----- RECORDS FOR THIS TASK

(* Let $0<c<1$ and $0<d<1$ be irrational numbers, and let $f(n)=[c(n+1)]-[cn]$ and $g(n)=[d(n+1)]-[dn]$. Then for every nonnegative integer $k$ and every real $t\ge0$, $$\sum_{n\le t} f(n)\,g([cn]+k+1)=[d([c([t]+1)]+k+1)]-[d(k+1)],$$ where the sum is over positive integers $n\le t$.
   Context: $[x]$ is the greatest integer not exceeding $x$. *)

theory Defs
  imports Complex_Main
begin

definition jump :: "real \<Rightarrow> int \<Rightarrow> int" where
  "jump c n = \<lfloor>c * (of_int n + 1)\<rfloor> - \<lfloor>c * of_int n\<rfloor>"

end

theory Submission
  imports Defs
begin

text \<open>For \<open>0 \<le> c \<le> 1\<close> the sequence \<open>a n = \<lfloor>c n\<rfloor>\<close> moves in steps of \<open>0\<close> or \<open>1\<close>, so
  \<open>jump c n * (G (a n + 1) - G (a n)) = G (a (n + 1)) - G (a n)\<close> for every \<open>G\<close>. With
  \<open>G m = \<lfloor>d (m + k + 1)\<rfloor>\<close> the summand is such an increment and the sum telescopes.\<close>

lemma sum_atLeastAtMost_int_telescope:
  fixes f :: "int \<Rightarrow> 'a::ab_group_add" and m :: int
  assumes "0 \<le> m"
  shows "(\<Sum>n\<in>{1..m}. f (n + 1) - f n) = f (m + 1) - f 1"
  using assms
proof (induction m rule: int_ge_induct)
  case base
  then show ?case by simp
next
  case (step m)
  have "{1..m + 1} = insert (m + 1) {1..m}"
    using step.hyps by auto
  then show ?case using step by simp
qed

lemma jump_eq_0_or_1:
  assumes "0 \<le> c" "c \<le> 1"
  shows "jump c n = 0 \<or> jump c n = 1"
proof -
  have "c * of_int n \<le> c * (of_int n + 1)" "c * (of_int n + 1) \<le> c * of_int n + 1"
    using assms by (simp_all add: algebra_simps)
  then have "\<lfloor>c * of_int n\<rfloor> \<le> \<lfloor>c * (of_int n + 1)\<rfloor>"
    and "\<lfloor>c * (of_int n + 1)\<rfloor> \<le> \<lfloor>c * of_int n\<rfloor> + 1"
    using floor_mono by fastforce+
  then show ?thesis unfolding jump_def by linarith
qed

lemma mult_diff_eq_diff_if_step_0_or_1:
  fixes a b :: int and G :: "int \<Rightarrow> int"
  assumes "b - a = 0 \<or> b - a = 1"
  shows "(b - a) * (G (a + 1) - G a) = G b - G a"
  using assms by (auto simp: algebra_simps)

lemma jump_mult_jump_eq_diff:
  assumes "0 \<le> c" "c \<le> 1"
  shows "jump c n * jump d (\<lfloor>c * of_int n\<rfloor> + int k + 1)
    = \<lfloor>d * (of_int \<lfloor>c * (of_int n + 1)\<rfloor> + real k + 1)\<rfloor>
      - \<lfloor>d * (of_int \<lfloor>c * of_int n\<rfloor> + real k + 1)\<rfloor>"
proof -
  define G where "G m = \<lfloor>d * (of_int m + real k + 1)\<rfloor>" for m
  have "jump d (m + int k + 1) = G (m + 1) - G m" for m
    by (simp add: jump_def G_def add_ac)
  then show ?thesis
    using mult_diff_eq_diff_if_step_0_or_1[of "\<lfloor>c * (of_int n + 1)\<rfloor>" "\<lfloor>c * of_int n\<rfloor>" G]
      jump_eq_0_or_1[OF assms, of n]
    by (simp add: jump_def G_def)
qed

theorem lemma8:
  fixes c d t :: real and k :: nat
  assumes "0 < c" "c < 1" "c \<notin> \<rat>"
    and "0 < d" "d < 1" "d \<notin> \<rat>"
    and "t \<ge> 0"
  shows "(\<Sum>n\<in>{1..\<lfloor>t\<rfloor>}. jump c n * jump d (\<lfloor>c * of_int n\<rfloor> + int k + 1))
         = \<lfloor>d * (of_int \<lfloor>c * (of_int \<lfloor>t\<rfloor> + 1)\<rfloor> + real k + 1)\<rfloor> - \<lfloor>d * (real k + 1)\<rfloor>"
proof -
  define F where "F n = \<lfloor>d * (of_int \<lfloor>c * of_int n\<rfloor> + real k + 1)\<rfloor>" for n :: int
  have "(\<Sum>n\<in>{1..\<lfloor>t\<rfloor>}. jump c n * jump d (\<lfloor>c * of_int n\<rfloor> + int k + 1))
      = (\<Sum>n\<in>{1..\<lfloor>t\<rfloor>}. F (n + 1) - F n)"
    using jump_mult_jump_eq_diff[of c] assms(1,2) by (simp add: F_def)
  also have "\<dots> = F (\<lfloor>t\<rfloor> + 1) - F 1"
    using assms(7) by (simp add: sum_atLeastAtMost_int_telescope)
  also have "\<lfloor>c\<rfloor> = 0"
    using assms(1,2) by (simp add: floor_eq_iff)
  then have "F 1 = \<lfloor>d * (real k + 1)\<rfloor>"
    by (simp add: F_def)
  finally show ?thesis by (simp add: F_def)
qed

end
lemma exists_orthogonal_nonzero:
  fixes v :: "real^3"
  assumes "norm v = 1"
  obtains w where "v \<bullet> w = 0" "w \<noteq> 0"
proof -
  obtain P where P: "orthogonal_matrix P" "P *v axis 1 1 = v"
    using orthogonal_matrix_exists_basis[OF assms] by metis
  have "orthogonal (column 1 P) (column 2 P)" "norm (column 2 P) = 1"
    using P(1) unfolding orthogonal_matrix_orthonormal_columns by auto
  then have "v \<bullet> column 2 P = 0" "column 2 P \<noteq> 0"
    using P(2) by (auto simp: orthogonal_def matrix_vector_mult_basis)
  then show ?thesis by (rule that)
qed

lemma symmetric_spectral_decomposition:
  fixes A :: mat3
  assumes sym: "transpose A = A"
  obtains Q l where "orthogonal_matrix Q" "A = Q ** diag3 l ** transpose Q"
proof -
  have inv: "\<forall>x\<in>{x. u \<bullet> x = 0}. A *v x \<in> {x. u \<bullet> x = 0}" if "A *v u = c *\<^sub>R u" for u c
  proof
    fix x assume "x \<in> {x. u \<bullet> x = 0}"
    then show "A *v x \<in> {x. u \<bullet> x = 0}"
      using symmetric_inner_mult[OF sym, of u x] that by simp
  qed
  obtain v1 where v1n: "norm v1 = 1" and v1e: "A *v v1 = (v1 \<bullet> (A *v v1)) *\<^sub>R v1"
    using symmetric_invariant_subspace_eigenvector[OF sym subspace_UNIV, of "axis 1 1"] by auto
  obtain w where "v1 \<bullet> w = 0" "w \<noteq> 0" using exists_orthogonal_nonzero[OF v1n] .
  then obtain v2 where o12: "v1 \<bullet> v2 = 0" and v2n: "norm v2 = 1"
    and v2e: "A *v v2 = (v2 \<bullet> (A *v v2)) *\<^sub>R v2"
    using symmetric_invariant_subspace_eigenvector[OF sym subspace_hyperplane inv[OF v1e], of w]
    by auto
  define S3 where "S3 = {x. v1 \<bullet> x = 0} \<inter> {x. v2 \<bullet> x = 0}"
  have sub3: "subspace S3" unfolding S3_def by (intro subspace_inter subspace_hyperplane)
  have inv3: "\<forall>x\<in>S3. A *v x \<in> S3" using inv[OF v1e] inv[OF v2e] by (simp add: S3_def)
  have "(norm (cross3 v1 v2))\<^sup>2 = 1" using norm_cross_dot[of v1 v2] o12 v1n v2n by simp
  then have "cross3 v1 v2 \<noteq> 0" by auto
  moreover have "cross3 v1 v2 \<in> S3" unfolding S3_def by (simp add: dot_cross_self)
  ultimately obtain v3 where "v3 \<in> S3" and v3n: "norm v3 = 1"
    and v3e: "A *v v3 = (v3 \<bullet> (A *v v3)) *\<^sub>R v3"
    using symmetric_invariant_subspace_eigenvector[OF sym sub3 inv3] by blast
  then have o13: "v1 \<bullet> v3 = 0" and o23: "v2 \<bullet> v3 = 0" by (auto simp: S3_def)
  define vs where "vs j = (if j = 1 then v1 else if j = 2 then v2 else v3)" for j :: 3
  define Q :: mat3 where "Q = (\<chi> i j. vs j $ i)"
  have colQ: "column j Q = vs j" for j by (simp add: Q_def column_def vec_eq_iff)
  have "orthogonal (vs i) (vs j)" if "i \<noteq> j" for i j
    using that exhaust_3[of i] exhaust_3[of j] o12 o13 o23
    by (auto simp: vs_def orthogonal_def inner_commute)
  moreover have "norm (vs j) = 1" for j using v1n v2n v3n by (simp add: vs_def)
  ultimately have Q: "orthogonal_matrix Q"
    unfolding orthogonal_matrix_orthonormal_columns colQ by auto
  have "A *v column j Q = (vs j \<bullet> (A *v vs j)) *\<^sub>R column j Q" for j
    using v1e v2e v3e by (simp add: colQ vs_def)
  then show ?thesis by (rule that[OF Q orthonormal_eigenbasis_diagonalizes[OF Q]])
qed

----------

# [WORK INSTRUCTION]
From the data above, work out how many lines hold "colQ". Answer with the number alone.

# [RESULT]
3